* **Problem to solve**: In the records below, count every line where the string "longleftrightarrow" appears, and reply with the count only.

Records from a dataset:

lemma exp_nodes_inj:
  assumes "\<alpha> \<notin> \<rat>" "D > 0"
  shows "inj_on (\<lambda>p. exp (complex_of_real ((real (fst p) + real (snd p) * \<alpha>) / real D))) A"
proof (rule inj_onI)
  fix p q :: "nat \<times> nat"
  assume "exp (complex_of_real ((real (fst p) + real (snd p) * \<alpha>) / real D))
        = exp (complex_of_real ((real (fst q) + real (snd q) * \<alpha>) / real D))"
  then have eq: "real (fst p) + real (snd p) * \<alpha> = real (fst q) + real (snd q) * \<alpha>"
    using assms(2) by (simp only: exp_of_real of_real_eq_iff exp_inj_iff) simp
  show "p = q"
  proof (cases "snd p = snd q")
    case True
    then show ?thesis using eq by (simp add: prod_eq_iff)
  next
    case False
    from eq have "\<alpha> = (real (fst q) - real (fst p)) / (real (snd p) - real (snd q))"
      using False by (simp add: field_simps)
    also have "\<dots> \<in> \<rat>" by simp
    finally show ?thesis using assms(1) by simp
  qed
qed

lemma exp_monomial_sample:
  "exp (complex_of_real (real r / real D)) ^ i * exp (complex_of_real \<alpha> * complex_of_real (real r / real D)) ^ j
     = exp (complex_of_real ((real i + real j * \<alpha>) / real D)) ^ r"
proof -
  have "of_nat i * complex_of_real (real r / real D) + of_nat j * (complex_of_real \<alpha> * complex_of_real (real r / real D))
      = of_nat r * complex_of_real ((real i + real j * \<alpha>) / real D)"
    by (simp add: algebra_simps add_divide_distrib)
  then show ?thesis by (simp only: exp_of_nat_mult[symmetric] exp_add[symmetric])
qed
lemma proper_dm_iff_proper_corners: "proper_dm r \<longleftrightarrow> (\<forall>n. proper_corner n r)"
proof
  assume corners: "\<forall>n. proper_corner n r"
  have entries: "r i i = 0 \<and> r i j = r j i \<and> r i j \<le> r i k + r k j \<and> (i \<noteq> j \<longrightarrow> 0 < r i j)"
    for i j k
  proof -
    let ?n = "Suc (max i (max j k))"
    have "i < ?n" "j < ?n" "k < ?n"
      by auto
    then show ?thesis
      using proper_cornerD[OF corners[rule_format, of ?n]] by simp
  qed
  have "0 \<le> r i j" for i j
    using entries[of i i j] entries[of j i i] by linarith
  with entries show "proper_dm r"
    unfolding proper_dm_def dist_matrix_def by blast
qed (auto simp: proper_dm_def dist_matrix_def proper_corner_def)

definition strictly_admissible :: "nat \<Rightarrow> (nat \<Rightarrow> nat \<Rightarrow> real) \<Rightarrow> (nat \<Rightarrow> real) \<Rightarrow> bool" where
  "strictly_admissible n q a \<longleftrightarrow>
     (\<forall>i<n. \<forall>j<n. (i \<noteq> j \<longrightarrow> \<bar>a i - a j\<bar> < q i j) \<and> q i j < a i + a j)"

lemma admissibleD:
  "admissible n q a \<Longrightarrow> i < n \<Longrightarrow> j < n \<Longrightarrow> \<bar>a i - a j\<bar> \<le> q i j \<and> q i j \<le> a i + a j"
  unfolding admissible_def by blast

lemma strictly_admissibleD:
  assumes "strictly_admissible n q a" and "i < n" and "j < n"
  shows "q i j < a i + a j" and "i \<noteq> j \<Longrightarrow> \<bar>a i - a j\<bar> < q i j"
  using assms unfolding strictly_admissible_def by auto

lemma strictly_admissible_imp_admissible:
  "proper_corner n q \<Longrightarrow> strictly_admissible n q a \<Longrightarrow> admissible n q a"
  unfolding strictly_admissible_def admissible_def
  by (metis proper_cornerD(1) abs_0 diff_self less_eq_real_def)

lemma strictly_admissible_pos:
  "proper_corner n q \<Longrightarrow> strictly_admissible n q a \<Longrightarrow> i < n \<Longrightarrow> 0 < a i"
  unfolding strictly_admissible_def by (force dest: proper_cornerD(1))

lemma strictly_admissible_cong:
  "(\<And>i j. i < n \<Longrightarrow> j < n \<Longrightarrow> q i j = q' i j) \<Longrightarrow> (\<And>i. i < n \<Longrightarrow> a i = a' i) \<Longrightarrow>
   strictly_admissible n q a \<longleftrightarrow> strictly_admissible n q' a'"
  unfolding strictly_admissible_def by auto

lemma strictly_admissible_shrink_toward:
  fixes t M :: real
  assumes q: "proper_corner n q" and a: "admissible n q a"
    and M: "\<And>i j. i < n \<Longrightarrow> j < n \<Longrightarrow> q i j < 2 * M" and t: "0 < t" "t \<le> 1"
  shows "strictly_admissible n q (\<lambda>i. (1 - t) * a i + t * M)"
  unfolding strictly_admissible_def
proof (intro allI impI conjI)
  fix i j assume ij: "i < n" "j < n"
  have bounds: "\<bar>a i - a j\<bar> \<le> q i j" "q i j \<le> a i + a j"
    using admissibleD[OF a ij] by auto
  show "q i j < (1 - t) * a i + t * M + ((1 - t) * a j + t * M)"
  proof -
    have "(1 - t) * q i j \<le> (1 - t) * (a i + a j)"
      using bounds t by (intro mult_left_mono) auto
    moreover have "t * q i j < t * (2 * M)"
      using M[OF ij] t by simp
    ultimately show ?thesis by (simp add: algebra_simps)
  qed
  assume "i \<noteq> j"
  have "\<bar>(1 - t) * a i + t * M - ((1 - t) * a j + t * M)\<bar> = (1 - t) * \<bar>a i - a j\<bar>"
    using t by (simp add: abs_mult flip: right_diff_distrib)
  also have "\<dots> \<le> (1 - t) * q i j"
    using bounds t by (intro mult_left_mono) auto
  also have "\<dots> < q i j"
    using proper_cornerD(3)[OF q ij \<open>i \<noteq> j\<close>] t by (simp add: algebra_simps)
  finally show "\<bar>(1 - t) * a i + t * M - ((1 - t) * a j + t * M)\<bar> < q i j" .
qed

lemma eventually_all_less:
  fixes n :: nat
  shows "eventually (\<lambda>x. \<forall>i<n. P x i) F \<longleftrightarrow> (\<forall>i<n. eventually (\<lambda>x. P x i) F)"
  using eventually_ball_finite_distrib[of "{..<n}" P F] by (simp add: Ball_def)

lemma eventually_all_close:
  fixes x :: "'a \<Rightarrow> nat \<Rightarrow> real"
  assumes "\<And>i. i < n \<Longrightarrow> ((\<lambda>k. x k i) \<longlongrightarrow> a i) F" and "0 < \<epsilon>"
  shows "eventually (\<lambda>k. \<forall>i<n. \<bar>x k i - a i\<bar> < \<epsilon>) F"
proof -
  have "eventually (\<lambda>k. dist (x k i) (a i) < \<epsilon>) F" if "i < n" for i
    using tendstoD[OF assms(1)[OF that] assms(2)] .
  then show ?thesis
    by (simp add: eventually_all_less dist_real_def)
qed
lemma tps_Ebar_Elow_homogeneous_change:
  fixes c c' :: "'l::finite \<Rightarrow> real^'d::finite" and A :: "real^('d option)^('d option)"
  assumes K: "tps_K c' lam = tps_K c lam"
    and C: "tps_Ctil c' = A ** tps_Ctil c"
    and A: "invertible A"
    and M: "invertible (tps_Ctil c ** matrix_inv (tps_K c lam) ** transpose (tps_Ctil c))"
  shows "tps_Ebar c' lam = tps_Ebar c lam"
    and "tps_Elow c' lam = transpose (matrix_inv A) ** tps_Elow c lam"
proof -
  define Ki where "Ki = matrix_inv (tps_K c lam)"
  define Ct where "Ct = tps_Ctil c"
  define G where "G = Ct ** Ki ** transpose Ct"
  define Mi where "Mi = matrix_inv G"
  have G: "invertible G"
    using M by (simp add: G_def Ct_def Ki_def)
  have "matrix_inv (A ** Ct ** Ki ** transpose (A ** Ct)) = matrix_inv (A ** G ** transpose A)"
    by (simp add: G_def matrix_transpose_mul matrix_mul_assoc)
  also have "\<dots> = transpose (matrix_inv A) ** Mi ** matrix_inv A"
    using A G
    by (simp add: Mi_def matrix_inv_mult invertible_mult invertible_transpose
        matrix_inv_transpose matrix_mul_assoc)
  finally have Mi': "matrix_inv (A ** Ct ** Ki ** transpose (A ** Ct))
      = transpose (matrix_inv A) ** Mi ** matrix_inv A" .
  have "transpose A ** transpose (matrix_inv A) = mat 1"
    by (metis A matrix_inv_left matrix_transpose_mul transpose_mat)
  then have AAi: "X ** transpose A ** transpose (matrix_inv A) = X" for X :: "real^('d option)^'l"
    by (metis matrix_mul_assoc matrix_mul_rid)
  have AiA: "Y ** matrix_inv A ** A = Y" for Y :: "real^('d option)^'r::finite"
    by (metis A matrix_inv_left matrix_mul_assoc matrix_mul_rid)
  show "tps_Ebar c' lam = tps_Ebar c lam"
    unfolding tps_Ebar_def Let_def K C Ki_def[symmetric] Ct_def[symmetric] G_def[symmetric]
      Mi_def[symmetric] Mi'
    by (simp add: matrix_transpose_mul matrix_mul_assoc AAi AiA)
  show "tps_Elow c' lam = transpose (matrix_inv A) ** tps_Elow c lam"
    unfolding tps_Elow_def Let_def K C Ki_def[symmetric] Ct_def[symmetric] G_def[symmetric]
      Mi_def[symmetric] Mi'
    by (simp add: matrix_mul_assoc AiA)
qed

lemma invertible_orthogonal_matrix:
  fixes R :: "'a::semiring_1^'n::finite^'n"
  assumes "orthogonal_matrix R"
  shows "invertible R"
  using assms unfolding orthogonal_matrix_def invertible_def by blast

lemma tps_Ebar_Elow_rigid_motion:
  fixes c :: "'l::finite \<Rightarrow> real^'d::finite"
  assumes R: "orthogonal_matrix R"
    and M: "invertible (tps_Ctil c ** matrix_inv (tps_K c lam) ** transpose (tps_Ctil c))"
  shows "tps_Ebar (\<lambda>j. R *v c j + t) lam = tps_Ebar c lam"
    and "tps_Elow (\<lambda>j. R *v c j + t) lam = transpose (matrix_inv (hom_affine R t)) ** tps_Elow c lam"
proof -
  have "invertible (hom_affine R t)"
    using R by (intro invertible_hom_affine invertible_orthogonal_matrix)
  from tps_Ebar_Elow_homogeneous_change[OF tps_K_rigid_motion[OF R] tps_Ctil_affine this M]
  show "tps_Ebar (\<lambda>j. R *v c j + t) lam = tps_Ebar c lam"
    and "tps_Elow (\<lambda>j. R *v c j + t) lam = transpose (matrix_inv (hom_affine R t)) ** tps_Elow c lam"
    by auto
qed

* **Output for this exercise**: 4